Task input START

lemma nerve_simp_map_meeting:
  assumes Q: "\<forall>U\<in>\<U>. Q U \<in> \<W> \<and> U \<inter> F \<subseteq> Q U"
    and \<sigma>: "\<sigma> \<in> nerve_simp \<U> k" "\<Inter>(set \<sigma>) \<inter> F \<noteq> {}"
  shows "map Q \<sigma> \<in> nerve_simp \<W> k"
proof -
  have "set \<sigma> \<subseteq> \<U>" using \<sigma>(1) by (simp add: nerve_simp_def)
  have "\<Inter>(set \<sigma>) \<inter> F \<subseteq> \<Inter>(set (map Q \<sigma>))"
  proof
    fix x assume x: "x \<in> \<Inter>(set \<sigma>) \<inter> F"
    show "x \<in> \<Inter>(set (map Q \<sigma>))"
    proof
      fix W assume "W \<in> set (map Q \<sigma>)"
      then obtain U where "U \<in> set \<sigma>" "W = Q U" by auto
      then show "x \<in> W" using Q \<open>set \<sigma> \<subseteq> \<U>\<close> x by blast
    qed
  qed
  moreover have "set (map Q \<sigma>) \<subseteq> \<W>" using Q \<open>set \<sigma> \<subseteq> \<U>\<close> by auto
  ultimately show ?thesis using \<sigma> unfolding nerve_simp_def by auto
qed

lemma cobd_transport_cochain:
  assumes Q: "\<forall>U\<in>\<U>. Q U \<in> \<W> \<and> U \<inter> F \<subseteq> Q U"
    and \<sigma>: "\<sigma> \<in> nerve_simp \<U> (Suc k)" "\<Inter>(set \<sigma>) \<inter> F \<noteq> {}"
  shows "cobd \<U> k (transport_cochain \<U> F Q k a) \<sigma> = cobd \<W> k a (map Q \<sigma>)"
proof -
  have "transport_cochain \<U> F Q k a (del_nth i \<sigma>) = a (del_nth i (map Q \<sigma>))"
    if "i < Suc (Suc k)" for i
  proof -
    have "\<Inter>(set \<sigma>) \<subseteq> \<Inter>(set (del_nth i \<sigma>))"
      by (rule Inter_anti_mono[OF set_del_nth_subset])
    then have "\<Inter>(set (del_nth i \<sigma>)) \<inter> F \<noteq> {}" using \<sigma>(2) by blast
    then show ?thesis using nerve_simp_del_nth[OF \<sigma>(1) that]
      by (simp add: transport_cochain_def map_del_nth)
  qed
  then show ?thesis
    using \<sigma>(1) nerve_simp_map_meeting[OF Q \<sigma>] by (simp add: cobd_def)
qed

lemma cobd_transport_cochain_relative_cocycle:
  assumes Q: "\<forall>U\<in>\<U>. Q U \<in> \<W> \<and> U \<inter> F \<subseteq> Q U"
    and a: "cobd \<W> k a = (\<lambda>_. 0)"
  shows "cobd \<U> k (transport_cochain \<U> F Q k a) \<in> cocycles \<U> F (Suc k)"
  unfolding cocycles_def cochains_def
proof (intro CollectI conjI allI impI)
  fix \<sigma> assume nonzero: "cobd \<U> k (transport_cochain \<U> F Q k a) \<sigma> \<noteq> 0"
  then have \<sigma>: "\<sigma> \<in> nerve_simp \<U> (Suc k)" by (auto simp: cobd_def split: if_splits)
  moreover have "\<Inter>(set \<sigma>) \<inter> F = {}"
  proof (rule ccontr)
    assume "\<Inter>(set \<sigma>) \<inter> F \<noteq> {}"
    then have "cobd \<U> k (transport_cochain \<U> F Q k a) \<sigma> = cobd \<W> k a (map Q \<sigma>)"
      by (rule cobd_transport_cochain[OF Q \<sigma>])
    with nonzero a show False by simp
  qed
  ultimately show "\<sigma> \<in> rel_simp \<U> F (Suc k)" by (simp add: rel_simp_def)
qed (rule cobd_cobd)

Task input END

Reproduce the entries above exactly, starting at their first line and finishing with the line that contains "(simp add: nerve_simp_def)".

lemma nerve_simp_map_meeting:
  assumes Q: "\<forall>U\<in>\<U>. Q U \<in> \<W> \<and> U \<inter> F \<subseteq> Q U"
    and \<sigma>: "\<sigma> \<in> nerve_simp \<U> k" "\<Inter>(set \<sigma>) \<inter> F \<noteq> {}"
  shows "map Q \<sigma> \<in> nerve_simp \<W> k"
proof -
  have "set \<sigma> \<subseteq> \<U>" using \<sigma>(1) by (simp add: nerve_simp_def)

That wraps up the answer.